(Dataset entries)
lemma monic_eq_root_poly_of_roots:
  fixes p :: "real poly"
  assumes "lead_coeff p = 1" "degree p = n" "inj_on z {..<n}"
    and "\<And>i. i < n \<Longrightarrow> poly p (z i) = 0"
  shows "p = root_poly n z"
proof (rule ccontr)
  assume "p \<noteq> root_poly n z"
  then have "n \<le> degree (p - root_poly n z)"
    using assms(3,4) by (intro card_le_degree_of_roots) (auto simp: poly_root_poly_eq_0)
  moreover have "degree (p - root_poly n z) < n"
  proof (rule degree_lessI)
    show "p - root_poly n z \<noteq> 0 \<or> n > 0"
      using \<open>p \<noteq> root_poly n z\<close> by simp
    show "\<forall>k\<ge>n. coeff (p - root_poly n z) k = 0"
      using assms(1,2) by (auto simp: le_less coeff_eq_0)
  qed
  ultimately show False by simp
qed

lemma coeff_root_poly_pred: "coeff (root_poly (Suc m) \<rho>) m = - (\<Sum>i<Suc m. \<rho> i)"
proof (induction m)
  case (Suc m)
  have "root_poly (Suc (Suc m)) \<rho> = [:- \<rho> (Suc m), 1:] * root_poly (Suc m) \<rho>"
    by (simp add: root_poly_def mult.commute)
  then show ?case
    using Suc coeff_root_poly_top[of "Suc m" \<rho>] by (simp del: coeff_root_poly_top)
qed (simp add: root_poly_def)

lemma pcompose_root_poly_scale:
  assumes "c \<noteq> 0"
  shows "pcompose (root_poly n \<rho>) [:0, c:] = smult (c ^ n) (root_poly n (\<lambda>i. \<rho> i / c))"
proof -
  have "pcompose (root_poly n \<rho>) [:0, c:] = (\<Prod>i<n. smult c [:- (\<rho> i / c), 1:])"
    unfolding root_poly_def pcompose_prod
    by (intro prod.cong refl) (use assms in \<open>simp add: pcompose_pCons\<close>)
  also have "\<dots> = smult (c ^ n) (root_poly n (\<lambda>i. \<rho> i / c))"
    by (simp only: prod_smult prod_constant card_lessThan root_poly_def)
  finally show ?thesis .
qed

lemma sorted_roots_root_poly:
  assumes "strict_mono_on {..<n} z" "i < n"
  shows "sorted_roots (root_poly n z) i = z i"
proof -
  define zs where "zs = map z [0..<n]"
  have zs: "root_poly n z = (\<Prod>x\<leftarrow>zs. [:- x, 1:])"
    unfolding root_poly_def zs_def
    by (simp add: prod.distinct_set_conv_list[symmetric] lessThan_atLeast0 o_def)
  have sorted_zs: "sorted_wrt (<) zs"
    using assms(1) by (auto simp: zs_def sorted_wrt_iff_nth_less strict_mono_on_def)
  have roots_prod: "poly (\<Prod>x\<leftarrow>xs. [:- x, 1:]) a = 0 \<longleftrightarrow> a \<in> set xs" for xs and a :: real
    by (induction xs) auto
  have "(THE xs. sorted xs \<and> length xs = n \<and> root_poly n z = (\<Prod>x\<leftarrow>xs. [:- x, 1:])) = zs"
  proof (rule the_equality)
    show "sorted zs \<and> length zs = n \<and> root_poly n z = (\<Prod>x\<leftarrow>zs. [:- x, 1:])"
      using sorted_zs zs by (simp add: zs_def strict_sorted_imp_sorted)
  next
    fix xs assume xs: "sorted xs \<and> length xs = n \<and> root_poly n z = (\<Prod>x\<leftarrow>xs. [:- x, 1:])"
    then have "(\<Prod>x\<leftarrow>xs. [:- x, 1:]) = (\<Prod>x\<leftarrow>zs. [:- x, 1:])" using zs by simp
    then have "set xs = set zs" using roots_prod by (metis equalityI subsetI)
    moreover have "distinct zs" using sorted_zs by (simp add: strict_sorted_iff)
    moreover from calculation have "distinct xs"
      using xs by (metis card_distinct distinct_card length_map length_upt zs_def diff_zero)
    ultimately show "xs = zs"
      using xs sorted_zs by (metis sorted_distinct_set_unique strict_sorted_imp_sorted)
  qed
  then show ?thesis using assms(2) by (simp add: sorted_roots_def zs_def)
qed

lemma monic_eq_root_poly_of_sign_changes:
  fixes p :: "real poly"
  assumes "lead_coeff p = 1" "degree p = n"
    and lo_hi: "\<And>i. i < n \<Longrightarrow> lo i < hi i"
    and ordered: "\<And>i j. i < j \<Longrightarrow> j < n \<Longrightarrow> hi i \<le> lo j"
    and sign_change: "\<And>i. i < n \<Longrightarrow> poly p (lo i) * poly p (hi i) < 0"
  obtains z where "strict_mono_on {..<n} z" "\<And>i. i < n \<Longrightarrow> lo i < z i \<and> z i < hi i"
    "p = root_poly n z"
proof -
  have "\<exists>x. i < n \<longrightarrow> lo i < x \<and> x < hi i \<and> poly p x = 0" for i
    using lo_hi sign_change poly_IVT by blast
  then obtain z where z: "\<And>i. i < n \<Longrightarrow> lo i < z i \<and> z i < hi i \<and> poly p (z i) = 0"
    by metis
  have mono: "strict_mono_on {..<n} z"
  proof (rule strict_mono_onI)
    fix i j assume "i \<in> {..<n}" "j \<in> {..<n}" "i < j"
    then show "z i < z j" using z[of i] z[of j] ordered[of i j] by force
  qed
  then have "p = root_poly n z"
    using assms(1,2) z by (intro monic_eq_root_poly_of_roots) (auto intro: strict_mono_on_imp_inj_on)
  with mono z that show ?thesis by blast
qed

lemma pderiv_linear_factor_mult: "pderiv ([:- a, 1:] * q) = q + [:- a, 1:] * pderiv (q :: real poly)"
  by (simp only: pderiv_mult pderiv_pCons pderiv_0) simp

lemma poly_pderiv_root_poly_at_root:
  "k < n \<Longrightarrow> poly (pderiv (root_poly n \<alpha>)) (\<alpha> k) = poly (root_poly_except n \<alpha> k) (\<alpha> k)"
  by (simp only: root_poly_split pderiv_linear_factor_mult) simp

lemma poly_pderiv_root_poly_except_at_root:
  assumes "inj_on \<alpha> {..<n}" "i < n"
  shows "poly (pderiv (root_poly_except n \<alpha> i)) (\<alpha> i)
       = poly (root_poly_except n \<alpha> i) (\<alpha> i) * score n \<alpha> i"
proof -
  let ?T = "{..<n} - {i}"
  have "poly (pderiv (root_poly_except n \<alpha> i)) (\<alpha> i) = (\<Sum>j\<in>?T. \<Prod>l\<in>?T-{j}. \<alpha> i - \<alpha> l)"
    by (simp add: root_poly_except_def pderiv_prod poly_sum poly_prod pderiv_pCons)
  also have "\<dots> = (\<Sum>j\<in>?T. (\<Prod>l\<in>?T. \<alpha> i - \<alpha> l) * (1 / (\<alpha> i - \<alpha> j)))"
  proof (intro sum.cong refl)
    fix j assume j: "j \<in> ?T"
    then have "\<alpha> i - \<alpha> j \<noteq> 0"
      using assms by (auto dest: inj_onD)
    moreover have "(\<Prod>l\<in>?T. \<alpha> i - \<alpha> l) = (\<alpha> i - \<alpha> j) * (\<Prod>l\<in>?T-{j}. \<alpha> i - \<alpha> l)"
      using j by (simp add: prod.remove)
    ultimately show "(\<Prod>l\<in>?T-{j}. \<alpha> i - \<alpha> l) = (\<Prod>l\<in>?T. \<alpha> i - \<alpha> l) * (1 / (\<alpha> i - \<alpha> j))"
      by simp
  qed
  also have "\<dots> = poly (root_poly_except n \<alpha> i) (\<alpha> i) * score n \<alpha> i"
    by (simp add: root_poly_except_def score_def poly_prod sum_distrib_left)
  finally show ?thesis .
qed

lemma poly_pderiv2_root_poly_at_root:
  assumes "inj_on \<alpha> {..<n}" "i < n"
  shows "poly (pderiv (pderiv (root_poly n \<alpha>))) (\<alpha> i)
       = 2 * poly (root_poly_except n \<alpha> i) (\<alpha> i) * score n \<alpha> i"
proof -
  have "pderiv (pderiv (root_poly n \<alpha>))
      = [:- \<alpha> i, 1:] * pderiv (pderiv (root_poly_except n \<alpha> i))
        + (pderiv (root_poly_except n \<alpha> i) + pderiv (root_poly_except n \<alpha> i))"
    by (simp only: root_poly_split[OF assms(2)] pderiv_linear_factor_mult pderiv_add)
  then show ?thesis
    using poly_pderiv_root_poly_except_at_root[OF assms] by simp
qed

==

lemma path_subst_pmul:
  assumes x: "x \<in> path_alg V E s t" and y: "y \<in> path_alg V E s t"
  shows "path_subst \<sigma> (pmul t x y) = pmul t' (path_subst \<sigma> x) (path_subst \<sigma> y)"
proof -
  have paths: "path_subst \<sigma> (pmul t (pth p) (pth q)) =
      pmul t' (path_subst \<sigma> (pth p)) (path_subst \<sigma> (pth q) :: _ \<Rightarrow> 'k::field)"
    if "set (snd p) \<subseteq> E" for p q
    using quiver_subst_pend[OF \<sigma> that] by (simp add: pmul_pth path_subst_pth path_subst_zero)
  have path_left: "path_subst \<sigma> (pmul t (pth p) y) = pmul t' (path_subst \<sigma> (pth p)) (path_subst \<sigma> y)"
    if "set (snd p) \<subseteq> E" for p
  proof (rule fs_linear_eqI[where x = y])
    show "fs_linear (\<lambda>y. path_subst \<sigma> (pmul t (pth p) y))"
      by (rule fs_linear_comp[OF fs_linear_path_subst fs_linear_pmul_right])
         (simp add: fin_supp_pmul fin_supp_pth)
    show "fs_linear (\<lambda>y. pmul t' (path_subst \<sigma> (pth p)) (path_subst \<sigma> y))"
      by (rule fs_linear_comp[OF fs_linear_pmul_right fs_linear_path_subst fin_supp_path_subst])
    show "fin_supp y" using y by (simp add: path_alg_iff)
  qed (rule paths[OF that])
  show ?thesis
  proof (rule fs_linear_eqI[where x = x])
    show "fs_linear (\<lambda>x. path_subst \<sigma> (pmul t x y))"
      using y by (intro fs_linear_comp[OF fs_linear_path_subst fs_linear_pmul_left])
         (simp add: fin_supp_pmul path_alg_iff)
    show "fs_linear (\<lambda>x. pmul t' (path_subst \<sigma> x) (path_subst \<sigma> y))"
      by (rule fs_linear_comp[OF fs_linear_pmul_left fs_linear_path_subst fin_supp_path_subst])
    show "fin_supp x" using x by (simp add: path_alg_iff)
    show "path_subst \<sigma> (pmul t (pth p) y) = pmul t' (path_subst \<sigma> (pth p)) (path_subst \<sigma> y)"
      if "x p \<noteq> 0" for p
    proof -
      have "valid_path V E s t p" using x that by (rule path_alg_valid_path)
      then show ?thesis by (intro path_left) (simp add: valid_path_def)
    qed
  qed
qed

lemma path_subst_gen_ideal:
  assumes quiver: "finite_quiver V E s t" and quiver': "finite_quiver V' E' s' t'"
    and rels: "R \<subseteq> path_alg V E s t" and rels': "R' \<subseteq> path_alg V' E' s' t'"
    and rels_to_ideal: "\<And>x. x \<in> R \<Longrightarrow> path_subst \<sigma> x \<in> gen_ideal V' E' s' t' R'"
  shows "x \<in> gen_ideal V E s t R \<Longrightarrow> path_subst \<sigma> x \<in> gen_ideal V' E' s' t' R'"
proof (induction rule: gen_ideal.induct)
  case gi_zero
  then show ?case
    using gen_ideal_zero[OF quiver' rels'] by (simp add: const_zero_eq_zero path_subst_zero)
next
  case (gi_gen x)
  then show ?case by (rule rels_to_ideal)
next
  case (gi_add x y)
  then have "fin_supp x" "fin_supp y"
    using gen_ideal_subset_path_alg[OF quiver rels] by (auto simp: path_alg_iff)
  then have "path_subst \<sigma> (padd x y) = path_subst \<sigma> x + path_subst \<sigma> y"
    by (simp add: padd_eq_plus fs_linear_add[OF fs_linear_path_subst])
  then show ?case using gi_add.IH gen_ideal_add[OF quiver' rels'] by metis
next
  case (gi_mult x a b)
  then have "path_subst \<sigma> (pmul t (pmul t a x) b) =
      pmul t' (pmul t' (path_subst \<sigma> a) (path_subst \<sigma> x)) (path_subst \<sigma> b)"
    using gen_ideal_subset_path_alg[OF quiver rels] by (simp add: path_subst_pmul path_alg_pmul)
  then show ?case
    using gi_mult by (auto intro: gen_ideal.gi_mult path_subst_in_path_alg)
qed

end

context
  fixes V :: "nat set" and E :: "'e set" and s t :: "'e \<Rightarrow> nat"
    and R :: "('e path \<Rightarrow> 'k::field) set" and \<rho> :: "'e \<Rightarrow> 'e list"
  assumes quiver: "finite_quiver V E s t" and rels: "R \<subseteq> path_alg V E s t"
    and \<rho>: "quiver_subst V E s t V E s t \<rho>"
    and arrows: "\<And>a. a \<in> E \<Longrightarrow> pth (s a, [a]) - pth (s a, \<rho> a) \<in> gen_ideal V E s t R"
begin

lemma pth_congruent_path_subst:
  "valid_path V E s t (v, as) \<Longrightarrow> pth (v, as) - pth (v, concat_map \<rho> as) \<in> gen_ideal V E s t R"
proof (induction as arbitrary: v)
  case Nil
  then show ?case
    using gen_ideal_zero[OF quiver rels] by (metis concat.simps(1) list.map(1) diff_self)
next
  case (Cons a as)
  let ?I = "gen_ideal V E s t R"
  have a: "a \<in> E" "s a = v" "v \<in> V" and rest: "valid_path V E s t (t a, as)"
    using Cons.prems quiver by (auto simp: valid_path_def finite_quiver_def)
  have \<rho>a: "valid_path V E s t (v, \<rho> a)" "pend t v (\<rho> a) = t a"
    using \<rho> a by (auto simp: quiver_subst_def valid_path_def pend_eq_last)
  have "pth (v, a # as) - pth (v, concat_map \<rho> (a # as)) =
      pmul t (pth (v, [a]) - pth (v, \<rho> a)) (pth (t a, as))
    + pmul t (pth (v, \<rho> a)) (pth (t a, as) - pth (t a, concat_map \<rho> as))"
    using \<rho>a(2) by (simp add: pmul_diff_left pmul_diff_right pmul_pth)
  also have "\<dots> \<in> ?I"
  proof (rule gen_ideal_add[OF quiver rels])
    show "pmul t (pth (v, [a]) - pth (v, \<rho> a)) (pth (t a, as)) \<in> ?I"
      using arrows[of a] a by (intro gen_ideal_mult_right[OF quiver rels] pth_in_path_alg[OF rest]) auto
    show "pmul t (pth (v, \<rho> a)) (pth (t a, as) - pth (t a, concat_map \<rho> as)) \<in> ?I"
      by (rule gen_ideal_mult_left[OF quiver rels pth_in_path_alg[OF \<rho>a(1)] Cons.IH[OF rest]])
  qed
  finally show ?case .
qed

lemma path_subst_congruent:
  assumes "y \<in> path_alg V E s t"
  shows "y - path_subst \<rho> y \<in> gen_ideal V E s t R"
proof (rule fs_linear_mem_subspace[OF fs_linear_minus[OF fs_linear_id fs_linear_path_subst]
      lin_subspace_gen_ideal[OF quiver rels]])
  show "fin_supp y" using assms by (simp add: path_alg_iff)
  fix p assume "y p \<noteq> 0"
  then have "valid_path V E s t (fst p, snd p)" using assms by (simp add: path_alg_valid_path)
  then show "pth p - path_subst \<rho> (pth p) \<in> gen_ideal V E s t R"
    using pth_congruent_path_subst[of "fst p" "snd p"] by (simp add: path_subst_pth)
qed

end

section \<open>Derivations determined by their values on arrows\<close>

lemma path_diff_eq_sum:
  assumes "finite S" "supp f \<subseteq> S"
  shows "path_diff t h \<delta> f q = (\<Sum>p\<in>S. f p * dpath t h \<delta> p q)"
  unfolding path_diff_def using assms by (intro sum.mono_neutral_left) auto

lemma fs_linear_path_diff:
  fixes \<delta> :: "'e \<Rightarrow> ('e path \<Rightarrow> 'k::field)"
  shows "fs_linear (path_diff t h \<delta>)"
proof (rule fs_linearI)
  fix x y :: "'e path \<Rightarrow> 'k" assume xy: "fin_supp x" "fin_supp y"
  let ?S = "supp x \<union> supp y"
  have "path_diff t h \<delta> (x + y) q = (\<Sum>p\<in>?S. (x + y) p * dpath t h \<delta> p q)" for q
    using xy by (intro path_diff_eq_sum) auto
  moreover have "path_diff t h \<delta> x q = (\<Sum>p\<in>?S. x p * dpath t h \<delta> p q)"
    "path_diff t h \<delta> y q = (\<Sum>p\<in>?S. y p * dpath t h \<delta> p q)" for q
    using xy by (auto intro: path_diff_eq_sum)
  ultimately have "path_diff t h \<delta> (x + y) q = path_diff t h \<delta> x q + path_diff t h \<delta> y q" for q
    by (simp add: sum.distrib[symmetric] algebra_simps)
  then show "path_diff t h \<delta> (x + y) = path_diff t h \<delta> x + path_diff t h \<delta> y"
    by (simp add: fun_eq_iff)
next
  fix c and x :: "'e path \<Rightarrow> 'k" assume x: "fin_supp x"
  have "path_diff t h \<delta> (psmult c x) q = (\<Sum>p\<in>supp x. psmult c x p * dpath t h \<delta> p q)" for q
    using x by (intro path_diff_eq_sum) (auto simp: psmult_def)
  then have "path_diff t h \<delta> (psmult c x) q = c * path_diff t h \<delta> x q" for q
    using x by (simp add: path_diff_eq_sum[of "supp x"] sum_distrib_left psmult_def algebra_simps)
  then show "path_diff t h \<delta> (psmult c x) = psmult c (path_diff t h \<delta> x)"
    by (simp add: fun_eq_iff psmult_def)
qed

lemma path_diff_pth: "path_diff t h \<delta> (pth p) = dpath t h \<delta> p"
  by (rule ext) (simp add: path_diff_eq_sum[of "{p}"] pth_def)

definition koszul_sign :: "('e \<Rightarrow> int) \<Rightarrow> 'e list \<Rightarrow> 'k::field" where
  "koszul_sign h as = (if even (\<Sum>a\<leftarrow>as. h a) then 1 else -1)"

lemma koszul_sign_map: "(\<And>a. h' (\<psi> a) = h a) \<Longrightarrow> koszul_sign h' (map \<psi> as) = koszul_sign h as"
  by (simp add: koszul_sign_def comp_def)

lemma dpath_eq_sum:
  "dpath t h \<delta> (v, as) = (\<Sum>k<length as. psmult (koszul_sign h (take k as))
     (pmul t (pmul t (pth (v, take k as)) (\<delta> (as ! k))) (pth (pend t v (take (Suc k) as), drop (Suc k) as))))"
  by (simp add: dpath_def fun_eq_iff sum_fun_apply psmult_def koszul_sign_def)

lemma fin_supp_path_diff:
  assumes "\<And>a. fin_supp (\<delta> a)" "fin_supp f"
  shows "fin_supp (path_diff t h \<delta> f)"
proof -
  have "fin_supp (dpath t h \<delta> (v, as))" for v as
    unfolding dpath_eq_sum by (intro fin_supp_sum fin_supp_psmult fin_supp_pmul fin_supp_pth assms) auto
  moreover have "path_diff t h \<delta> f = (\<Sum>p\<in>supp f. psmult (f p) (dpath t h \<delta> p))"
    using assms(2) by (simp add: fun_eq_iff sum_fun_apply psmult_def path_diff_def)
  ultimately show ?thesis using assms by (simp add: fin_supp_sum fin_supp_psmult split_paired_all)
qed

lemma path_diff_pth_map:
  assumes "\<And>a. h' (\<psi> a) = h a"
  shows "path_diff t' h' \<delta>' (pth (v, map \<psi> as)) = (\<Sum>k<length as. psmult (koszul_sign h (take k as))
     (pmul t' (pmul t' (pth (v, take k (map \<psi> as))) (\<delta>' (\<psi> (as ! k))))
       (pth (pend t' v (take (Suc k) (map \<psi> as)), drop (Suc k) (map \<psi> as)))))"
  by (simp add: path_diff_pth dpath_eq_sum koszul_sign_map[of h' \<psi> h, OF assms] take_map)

Work required> Wherever the line holding "pmul t' (path_subst \<sigma> (pth p)) (path_subst \<sigma> (pth" falls in the entries above, copy exactly from it through the line holding "(\<lambda>x. path_subst \<sigma>", inclusive, and add nothing.

Answer area>
      pmul t' (path_subst \<sigma> (pth p)) (path_subst \<sigma> (pth q) :: _ \<Rightarrow> 'k::field)"
    if "set (snd p) \<subseteq> E" for p q
    using quiver_subst_pend[OF \<sigma> that] by (simp add: pmul_pth path_subst_pth path_subst_zero)
  have path_left: "path_subst \<sigma> (pmul t (pth p) y) = pmul t' (path_subst \<sigma> (pth p)) (path_subst \<sigma> y)"
    if "set (snd p) \<subseteq> E" for p
  proof (rule fs_linear_eqI[where x = y])
    show "fs_linear (\<lambda>y. path_subst \<sigma> (pmul t (pth p) y))"
      by (rule fs_linear_comp[OF fs_linear_path_subst fs_linear_pmul_right])
         (simp add: fin_supp_pmul fin_supp_pth)
    show "fs_linear (\<lambda>y. pmul t' (path_subst \<sigma> (pth p)) (path_subst \<sigma> y))"
      by (rule fs_linear_comp[OF fs_linear_pmul_right fs_linear_path_subst fin_supp_path_subst])
    show "fin_supp y" using y by (simp add: path_alg_iff)
  qed (rule paths[OF that])
  show ?thesis
  proof (rule fs_linear_eqI[where x = x])
    show "fs_linear (\<lambda>x. path_subst \<sigma> (pmul t x y))"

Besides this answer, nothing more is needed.